:: What the exercise asks ::
Check the entries below for lines with "obtain"; report only how many there are.

:: Material provided ::
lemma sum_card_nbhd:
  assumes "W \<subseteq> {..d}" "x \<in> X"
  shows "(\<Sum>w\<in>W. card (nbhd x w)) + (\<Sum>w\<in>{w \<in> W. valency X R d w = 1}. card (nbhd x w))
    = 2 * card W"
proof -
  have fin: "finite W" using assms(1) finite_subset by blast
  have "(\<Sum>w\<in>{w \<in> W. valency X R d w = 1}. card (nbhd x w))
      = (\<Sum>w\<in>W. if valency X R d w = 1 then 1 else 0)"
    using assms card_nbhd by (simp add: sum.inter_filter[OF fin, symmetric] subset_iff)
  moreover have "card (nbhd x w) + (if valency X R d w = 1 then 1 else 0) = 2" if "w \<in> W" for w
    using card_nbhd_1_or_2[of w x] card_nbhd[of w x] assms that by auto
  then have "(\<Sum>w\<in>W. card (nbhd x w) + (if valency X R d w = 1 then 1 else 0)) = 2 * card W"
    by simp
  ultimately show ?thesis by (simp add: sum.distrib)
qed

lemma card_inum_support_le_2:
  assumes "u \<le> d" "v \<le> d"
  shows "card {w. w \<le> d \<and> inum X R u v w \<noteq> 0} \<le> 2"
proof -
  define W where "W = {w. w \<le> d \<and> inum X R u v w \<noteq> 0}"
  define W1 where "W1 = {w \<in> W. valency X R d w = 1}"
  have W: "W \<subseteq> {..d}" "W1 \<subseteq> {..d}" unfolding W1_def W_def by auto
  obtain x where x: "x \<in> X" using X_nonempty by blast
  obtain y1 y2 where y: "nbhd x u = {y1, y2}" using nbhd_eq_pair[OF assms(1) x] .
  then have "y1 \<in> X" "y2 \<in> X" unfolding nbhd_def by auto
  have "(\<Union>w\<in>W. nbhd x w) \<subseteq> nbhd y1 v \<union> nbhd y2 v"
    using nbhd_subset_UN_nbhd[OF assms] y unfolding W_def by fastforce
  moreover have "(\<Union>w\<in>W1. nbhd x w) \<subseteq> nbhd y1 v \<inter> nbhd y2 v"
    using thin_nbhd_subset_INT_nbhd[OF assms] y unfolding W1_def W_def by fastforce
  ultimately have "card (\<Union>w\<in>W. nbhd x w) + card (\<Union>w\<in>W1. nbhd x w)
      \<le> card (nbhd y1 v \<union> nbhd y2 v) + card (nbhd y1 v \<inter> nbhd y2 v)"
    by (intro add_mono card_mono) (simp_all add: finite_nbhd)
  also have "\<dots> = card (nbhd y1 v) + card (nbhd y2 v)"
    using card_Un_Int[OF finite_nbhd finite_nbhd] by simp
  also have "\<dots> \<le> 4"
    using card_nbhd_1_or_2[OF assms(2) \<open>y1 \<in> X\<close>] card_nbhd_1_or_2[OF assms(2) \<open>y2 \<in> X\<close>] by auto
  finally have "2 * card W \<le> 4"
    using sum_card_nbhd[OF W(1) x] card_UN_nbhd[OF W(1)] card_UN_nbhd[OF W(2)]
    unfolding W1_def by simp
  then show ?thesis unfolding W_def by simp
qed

:: Solution to this task ::
2